## [EXTRACTED MATERIAL]
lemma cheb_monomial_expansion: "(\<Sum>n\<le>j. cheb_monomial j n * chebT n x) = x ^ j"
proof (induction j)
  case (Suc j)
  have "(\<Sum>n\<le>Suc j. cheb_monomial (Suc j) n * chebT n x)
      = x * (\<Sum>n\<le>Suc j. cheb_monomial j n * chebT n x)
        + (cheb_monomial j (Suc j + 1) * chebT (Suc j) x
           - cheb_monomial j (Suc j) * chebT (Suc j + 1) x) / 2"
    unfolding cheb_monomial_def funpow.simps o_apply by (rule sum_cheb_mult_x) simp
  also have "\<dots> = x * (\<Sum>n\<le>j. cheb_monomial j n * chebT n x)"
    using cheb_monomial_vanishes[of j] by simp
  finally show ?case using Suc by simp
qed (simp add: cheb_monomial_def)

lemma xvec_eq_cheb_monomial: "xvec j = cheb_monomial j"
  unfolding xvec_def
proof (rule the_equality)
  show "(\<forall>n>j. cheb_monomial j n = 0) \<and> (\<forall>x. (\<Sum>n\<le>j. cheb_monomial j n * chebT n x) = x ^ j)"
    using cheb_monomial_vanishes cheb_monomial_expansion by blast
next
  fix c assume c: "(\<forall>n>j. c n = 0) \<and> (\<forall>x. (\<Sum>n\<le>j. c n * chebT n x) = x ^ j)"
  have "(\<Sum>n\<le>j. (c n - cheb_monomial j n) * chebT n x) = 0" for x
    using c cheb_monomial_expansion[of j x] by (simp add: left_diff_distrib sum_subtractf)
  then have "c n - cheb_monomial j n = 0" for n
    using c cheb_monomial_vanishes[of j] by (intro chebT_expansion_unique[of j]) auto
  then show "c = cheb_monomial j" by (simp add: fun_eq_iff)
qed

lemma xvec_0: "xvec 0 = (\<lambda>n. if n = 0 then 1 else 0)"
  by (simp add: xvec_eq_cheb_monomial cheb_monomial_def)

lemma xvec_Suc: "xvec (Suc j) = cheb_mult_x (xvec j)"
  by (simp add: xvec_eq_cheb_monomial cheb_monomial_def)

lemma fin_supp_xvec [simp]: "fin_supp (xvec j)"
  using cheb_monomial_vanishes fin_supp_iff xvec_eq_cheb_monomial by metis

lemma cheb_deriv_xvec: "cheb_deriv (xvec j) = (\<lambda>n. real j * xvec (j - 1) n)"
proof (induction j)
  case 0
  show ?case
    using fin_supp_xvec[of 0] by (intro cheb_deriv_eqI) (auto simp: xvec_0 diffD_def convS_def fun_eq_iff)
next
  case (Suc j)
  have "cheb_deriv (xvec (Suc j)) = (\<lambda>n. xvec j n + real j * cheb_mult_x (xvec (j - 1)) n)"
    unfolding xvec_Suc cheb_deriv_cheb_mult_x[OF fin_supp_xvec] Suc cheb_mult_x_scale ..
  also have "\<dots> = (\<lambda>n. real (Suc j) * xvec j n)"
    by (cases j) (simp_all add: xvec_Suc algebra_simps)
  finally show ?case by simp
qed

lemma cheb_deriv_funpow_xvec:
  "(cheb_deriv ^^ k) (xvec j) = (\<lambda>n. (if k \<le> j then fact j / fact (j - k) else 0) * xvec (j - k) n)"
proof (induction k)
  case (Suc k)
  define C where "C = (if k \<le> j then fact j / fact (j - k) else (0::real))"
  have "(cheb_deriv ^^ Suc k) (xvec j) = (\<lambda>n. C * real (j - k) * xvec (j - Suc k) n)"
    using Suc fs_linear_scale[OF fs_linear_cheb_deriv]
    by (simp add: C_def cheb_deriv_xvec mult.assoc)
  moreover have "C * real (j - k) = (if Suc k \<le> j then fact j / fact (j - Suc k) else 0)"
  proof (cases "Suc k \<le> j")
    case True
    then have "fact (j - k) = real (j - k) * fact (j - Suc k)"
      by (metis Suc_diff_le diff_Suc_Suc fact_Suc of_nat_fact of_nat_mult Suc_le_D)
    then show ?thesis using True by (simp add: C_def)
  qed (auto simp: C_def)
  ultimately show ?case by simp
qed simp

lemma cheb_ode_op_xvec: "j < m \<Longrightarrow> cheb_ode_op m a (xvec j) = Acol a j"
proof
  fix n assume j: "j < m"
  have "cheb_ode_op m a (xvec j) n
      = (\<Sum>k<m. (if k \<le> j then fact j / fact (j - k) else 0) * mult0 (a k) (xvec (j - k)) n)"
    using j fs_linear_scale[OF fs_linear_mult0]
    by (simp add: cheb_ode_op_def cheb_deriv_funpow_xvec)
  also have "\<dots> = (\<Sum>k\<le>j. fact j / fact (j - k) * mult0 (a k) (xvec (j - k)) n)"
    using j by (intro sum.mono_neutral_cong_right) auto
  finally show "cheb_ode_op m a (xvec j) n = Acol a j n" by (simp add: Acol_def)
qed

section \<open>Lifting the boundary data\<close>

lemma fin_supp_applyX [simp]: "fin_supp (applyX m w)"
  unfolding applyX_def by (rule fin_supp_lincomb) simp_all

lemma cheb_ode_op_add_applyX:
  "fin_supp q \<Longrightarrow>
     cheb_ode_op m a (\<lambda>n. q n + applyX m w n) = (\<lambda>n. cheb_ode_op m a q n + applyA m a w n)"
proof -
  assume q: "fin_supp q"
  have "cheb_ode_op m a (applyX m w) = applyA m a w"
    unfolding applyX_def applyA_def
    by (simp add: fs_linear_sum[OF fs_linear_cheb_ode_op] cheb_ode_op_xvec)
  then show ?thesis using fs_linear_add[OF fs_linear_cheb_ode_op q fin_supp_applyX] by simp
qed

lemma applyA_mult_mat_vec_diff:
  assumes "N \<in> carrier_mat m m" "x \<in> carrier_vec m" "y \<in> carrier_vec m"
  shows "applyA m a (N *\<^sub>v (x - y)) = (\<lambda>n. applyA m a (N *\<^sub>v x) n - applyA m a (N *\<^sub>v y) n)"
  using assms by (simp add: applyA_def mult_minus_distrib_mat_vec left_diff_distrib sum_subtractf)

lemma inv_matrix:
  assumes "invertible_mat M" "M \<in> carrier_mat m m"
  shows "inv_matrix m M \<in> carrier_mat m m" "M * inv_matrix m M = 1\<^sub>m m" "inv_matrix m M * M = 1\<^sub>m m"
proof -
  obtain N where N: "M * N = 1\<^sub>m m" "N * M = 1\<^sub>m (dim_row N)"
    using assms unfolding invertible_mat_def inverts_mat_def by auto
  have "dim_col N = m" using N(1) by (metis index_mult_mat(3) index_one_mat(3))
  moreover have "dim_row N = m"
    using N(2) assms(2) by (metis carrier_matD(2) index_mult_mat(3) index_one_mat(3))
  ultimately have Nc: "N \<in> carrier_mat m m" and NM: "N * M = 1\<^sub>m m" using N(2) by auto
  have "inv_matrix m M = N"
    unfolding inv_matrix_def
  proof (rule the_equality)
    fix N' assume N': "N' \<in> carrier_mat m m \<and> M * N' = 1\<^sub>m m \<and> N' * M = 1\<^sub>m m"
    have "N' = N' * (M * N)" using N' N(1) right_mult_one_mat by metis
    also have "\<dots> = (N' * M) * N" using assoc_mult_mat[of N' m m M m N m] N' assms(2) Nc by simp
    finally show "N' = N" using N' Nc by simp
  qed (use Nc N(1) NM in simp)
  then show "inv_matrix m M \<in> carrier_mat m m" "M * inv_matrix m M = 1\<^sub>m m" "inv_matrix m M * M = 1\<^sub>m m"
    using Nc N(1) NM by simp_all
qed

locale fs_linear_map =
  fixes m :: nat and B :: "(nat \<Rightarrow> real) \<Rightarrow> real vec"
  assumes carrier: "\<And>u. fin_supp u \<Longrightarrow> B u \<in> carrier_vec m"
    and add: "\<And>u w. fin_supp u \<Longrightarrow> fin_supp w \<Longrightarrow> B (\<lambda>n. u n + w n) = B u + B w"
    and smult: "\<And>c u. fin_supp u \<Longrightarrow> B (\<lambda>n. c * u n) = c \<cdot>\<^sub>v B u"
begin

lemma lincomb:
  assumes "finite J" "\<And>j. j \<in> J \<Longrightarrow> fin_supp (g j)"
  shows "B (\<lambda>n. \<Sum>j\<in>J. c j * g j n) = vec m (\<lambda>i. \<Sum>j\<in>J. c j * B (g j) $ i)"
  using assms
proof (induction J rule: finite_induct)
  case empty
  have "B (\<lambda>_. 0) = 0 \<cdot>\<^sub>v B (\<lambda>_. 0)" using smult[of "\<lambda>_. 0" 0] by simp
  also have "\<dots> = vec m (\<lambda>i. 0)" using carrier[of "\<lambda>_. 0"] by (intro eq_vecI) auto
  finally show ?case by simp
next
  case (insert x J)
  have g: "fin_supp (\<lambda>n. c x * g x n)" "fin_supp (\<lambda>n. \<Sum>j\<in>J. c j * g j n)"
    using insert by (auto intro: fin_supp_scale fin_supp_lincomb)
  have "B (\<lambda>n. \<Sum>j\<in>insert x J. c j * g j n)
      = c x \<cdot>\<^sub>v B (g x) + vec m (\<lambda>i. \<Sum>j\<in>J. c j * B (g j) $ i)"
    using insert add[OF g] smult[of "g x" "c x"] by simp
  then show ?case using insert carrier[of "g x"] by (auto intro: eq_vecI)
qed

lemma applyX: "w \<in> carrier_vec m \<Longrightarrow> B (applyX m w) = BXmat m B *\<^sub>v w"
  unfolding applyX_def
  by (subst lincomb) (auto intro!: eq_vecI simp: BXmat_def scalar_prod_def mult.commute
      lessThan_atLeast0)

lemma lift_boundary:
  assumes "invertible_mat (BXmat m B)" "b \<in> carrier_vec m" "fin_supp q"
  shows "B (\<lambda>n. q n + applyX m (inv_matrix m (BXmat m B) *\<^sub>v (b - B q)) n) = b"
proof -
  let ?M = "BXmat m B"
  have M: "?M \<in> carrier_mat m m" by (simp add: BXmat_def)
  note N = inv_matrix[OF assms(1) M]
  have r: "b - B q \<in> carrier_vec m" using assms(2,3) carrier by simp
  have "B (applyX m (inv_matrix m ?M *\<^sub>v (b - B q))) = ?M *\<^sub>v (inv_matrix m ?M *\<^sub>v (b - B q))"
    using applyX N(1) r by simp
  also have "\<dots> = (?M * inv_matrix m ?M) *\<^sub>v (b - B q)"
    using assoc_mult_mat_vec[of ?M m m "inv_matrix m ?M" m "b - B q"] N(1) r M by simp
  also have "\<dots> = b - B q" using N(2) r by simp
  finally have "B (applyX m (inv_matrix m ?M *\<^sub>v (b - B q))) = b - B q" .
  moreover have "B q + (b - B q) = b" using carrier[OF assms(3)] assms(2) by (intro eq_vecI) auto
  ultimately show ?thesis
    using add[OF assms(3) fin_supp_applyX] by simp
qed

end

## [ABOUT THIS TASK]
Within the listing above, extract exactly the lines from the line with "proof (induction J rule: finite_induct)" to the line with "case (insert x J)", the two named lines included, and no others.

## [ANSWER BOX]
proof (induction J rule: finite_induct)
  case empty
  have "B (\<lambda>_. 0) = 0 \<cdot>\<^sub>v B (\<lambda>_. 0)" using smult[of "\<lambda>_. 0" 0] by simp
  also have "\<dots> = vec m (\<lambda>i. 0)" using carrier[of "\<lambda>_. 0"] by (intro eq_vecI) auto
  finally show ?case by simp
next
  case (insert x J)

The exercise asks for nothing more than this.